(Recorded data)
lemma is_TDD_contract:
  assumes TDD: "is_TDD T C" and tw: "twins C t1 h h'" and "t1 \<noteq> T"
  shows "is_TDD T (contract C h h')"
proof -
  let ?C' = "contract C h h'"
  have resp: "ntdd_respects T C"
    using TDD unfolding is_TDD_def by blast
  have hh': "h \<in> nodes C" "h' \<in> nodes C" "tn C h = t1" "tn C h' = t1"
    using tw unfolding twins_def by auto
  then have "h' \<noteq> out C"
    using resp \<open>t1 \<noteq> T\<close> unfolding ntdd_respects_def by auto
  have tnodes_contract: "tnodes ?C' t = tnodes C t - {h'}" for t
    by (auto simp: tnodes_def)
  have h_tnodes: "h \<in> tnodes C t \<Longrightarrow> h' \<in> tnodes C t" for t
    using hh' by (simp add: tnodes_def)
  have "case t of
          Leaf x \<Rightarrow> disjoint_family_on (\<lambda>g. Collect (lit_val (lab ?C' g))) (tnodes ?C' t)
        | Node l r \<Rightarrow> disjoint_family_on (inp ?C') (tnodes ?C' t)"
    if t: "t \<in> subtrees T" for t
  proof (cases t)
    case (Leaf x)
    with TDD t have "disjoint_family_on (\<lambda>g. Collect (lit_val (lab C g))) (tnodes C t)"
      unfolding is_TDD_iff_disjoint_families by fastforce
    then have "disjoint_family_on (\<lambda>g. Collect (lit_val (lab ?C' g))) (tnodes C t - {h'})"
      by (rule disjoint_family_on_merge[OF _ h_tnodes]) (auto simp: lit_val_lit_or)
    with Leaf show ?thesis
      by (simp add: tnodes_contract)
  next
    case (Node l r)
    with TDD t have "disjoint_family_on (inp C) (tnodes C t)"
      unfolding is_TDD_iff_disjoint_families by fastforce
    then have "disjoint_family_on (inp ?C') (tnodes C t - {h'})"
      by (rule disjoint_family_on_merge[OF _ h_tnodes]) (auto simp: inp_contract)
    with Node show ?thesis
      by (simp add: tnodes_contract)
  qed
  with ntdd_respects_contract[OF resp hh'(1,2) _ \<open>h' \<noteq> out C\<close>] hh' show ?thesis
    unfolding is_TDD_iff_disjoint_families by simp
qed

theorem lemma5:
  fixes T :: "'x vtree" and C :: "('x, 'n) ntdd" and t1 :: "'x vtree" and h h' :: 'n
  assumes "is_TDD T C"
    and "t1 \<in> subtrees T" and "t1 \<noteq> T"
    and "twins C t1 h h'"
  shows "is_TDD T (contract C h h') \<and> fcirc (contract C h h') = fcirc C"
proof -
  have "ntdd_respects T C"
    using assms(1) unfolding is_TDD_def by blast
  then show ?thesis
    using is_TDD_contract[OF assms(1,4,3)] fcirc_contract[OF _ assms(4,3)] by blast
qed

* [EXERCISE DESCRIPTION]:
Return the entries above unchanged, starting at the first line and stopping after the line with "Leaf x \<Rightarrow>".

* [EXERCISE RESPONSE]:
lemma is_TDD_contract:
  assumes TDD: "is_TDD T C" and tw: "twins C t1 h h'" and "t1 \<noteq> T"
  shows "is_TDD T (contract C h h')"
proof -
  let ?C' = "contract C h h'"
  have resp: "ntdd_respects T C"
    using TDD unfolding is_TDD_def by blast
  have hh': "h \<in> nodes C" "h' \<in> nodes C" "tn C h = t1" "tn C h' = t1"
    using tw unfolding twins_def by auto
  then have "h' \<noteq> out C"
    using resp \<open>t1 \<noteq> T\<close> unfolding ntdd_respects_def by auto
  have tnodes_contract: "tnodes ?C' t = tnodes C t - {h'}" for t
    by (auto simp: tnodes_def)
  have h_tnodes: "h \<in> tnodes C t \<Longrightarrow> h' \<in> tnodes C t" for t
    using hh' by (simp add: tnodes_def)
  have "case t of
          Leaf x \<Rightarrow> disjoint_family_on (\<lambda>g. Collect (lit_val (lab ?C' g))) (tnodes ?C' t)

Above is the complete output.